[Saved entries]
lemma integral_sum_compensated_record_square:
  assumes k: "0 < k" and V: "finite V"
  shows "integral\<^sup>L PP (\<lambda>\<omega>. (\<Sum>v\<in>V. compensated_record k \<omega> v)\<^sup>2)
    = integral\<^sup>L PP (\<lambda>\<omega>. \<Sum>v\<in>V. unmarked_time k \<omega> v)"
proof -
  have orth: "integral\<^sup>L PP (\<lambda>\<omega>. compensated_record k \<omega> v * compensated_record k \<omega> w)
      = (if v = w then integral\<^sup>L PP (\<lambda>\<omega>. unmarked_time k \<omega> v) else 0)" for v w
  proof (cases "v = w")
    case True
    then show ?thesis using integral_compensated_record_square[OF k, of v] by (simp add: power2_eq_square)
  next
    case False
    then consider "\<not> strict_prefix w v" | "\<not> strict_prefix v w"
      using prefix_order.less_asym by blast
    then show ?thesis
    proof cases
      case 1
      then show ?thesis using integral_compensated_record_mult_eq_0[OF k False] False by simp
    next
      case 2
      then show ?thesis using integral_compensated_record_mult_eq_0[OF k False[symmetric]] False
        by (simp add: mult.commute)
    qed
  qed
  have "integral\<^sup>L PP (\<lambda>\<omega>. (\<Sum>v\<in>V. compensated_record k \<omega> v)\<^sup>2)
      = (\<Sum>v\<in>V. \<Sum>w\<in>V. integral\<^sup>L PP (\<lambda>\<omega>. compensated_record k \<omega> v * compensated_record k \<omega> w))"
    using integrable_compensated_record_mult[OF k]
    by (simp add: power2_eq_square sum_product integral_sum integrable_sum)
  also have "\<dots> = (\<Sum>v\<in>V. integral\<^sup>L PP (\<lambda>\<omega>. unmarked_time k \<omega> v))"
    using V by (simp add: orth)
  also have "\<dots> = integral\<^sup>L PP (\<lambda>\<omega>. \<Sum>v\<in>V. unmarked_time k \<omega> v)"
    using integrable_unmarked_time[OF k] by (simp add: integral_sum)
  finally show ?thesis .
qed

section \<open>Records and the integral of a_n in terms of the clocks\<close>

lemma finite_verts: "finite (verts T)"
proof (induction T)
  case (Node ts)
  then show ?case by (auto intro: nth_mem)
qed

lemma real_card_Collect_eq_sum: "finite A \<Longrightarrow> real (card {x\<in>A. P x}) = (\<Sum>x\<in>A. of_bool (P x))"
  by (simp add: Collect_conj_eq Int_commute)

lemma arrival_Suc: "arrival \<omega> v (Suc r) = arrival \<omega> v r + \<omega> (v, r)"
  by (simp add: arrival_def)

lemma strict_mono_arrival: "\<forall>x. 0 < \<omega> x \<Longrightarrow> strict_mono (arrival \<omega> v)"
  by (rule strict_mono_Suc_iff[THEN iffD2]) (simp add: arrival_Suc)

lemma
  assumes "\<forall>x. 0 < \<omega> x"
  shows arrival_le_iff: "arrival \<omega> v i \<le> arrival \<omega> v j \<longleftrightarrow> i \<le> j"
    and arrival_less_iff: "arrival \<omega> v i < arrival \<omega> v j \<longleftrightarrow> i < j"
  using strict_mono_arrival[OF assms] by (simp_all add: strict_mono_less_eq strict_mono_less)

lemma Ncount_eq_iff:
  assumes pos: "\<forall>x. 0 < \<omega> x" and r: "1 \<le> r"
  shows "Ncount \<omega> v t = r \<longleftrightarrow> arrival \<omega> v r \<le> t \<and> t < arrival \<omega> v (Suc r)"
proof -
  define A where "A = {j. 1 \<le> j \<and> arrival \<omega> v j \<le> t}"
  have N: "Ncount \<omega> v t = card A"
    by (simp add: Ncount_def A_def)
  have below: "card A < r" if "t < arrival \<omega> v r"
  proof -
    have "A \<subseteq> {1..<r}"
      using that arrival_le_iff[OF pos, of v r] by (auto simp: A_def) (meson order.trans not_le)
    then have "card A \<le> card {1..<r}"
      by (rule card_mono[OF finite_atLeastLessThan])
    then show ?thesis
      using r by simp
  qed
  have above: "card A \<noteq> r" if "arrival \<omega> v (Suc r) \<le> t"
  proof
    assume "card A = r"
    then have "finite A" using r by (intro card_ge_0_finite) simp
    moreover have "{1..Suc r} \<subseteq> A"
    proof
      fix j assume j: "j \<in> {1..Suc r}"
      then have "arrival \<omega> v j \<le> arrival \<omega> v (Suc r)"
        by (simp add: arrival_le_iff[OF pos])
      then show "j \<in> A"
        using that j by (simp add: A_def)
    qed
    ultimately have "card {1..Suc r} \<le> card A"
      by (rule card_mono)
    moreover have "card {1..Suc r} = Suc r"
      by simp
    ultimately show False
      using \<open>card A = r\<close> by linarith
  qed
  have between: "A = {1..r}" if "arrival \<omega> v r \<le> t" "t < arrival \<omega> v (Suc r)"
  proof -
    have "arrival \<omega> v j \<le> t \<longleftrightarrow> j \<le> r" for j
    proof
      assume "arrival \<omega> v j \<le> t"
      then have "arrival \<omega> v j < arrival \<omega> v (Suc r)" using that by linarith
      then show "j \<le> r" by (simp add: arrival_less_iff[OF pos])
    next
      assume "j \<le> r"
      then have "arrival \<omega> v j \<le> arrival \<omega> v r" by (simp add: arrival_le_iff[OF pos])
      then show "arrival \<omega> v j \<le> t" using that by linarith
    qed
    then show ?thesis
      unfolding A_def atLeastAtMost_def atLeast_def atMost_def by auto
  qed
  show ?thesis
  proof
    assume "Ncount \<omega> v t = r"
    then have "card A = r"
      using N by simp
    then show "arrival \<omega> v r \<le> t \<and> t < arrival \<omega> v (Suc r)"
      using below above by (meson less_irrefl not_le)
  next
    assume "arrival \<omega> v r \<le> t \<and> t < arrival \<omega> v (Suc r)"
    then show "Ncount \<omega> v t = r"
      using between N by simp
  qed
qed

lemma first_arrival_less:
  assumes "\<forall>x. 0 < \<omega> x" "2 \<le> k"
  shows "\<omega> (v, 0) < arrival \<omega> v k"
proof -
  have "arrival \<omega> v 1 < arrival \<omega> v k"
    using assms by (simp add: arrival_less_iff)
  then show ?thesis by (simp add: arrival_def)
qed

lemma eta_eq_arrival:
  assumes pos: "\<forall>x. 0 < \<omega> x" and r: "1 \<le> r"
  shows "eta \<omega> v r = arrival \<omega> v r"
  unfolding eta_def
proof (rule cInf_eq_minimum)
  show "arrival \<omega> v r \<in> {t. Ncount \<omega> v t = r}"
    by (simp add: Ncount_eq_iff[OF pos r] arrival_less_iff[OF pos])
qed (simp add: Ncount_eq_iff[OF pos r])

(* The bound on t matters: Ncount is the card of a set, which is 0 also when infinitely
   many arrivals precede t. *)
lemma Ncount_eq_0_iff:
  assumes pos: "\<forall>x. 0 < \<omega> x" and t: "t < arrival \<omega> v k"
  shows "Ncount \<omega> v t = 0 \<longleftrightarrow> t < \<omega> (v, 0)"
proof -
  define A where "A = {j. 1 \<le> j \<and> arrival \<omega> v j \<le> t}"
  have "A \<subseteq> {..<k}"
    using t by (auto simp: A_def) (meson arrival_le_iff[OF pos] not_le order.strict_trans1)
  then have "finite A" by (rule finite_subset) simp
  moreover have "Ncount \<omega> v t = card A"
    by (simp add: Ncount_def A_def)
  ultimately have "Ncount \<omega> v t = 0 \<longleftrightarrow> A = {}"
    by simp
  also have "\<dots> \<longleftrightarrow> \<not> arrival \<omega> v 1 \<le> t"
    using arrival_le_iff[OF pos, of v 1] by (auto simp: A_def intro: order_trans)
  finally show ?thesis by (simp add: arrival_def not_le)
qed

lemma all_prefix_iff: "(\<forall>u. prefix u v \<longrightarrow> P u) \<longleftrightarrow> P v \<and> (\<forall>u. strict_prefix u v \<longrightarrow> P u)"
  by (metis prefix_order.le_less prefix_order.order_refl)

lemma mem_alive_iff:
  assumes pos: "\<forall>x. 0 < \<omega> x" and k: "1 \<le> k"
  shows "v \<in> alive k T \<omega> s \<longleftrightarrow>
    v \<in> verts T \<and> s < arrival \<omega> v k \<and> (\<forall>d\<in>ancestor_removals k \<omega> v. s < d)"
proof -
  have "v \<in> alive k T \<omega> s \<longleftrightarrow> v \<in> verts T \<and> (\<forall>u. prefix u v \<longrightarrow> s < arrival \<omega> u k)"
    by (simp add: alive_def eta_eq_arrival[OF pos k] not_le)
  then show ?thesis
    by (simp add: all_prefix_iff ancestor_removals_def)
qed

lemma eta_1: "\<forall>x. 0 < \<omega> x \<Longrightarrow> eta \<omega> v 1 = \<omega> (v, 0)"
  by (simp add: eta_eq_arrival arrival_def)

lemma records1_eq:
  assumes pos: "\<forall>x. 0 < \<omega> x" and k: "2 \<le> k"
  shows "real (records1 k T \<omega>) = (\<Sum>v\<in>verts T. of_bool (\<forall>d\<in>ancestor_removals k \<omega> v. \<omega> (v, 0) < d))"
proof -
  have "v \<in> alive k T \<omega> (eta \<omega> v 1) \<longleftrightarrow> v \<in> verts T \<and> (\<forall>d\<in>ancestor_removals k \<omega> v. \<omega> (v, 0) < d)" for v
    unfolding eta_1[OF pos] using first_arrival_less[OF pos k, of v] k by (simp add: mem_alive_iff[OF pos])
  then have "{v \<in> verts T. v \<in> alive k T \<omega> (eta \<omega> v 1)} = {v \<in> verts T. \<forall>d\<in>ancestor_removals k \<omega> v. \<omega> (v, 0) < d}"
    by blast
  then show ?thesis
    unfolding records1_def by (simp add: real_card_Collect_eq_sum finite_verts)
qed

→ INSTRUCTIONS FOR THE TASK:
Above are records; say how many of their lines contain the word "also", giving only the number.

→ ANSWER:
4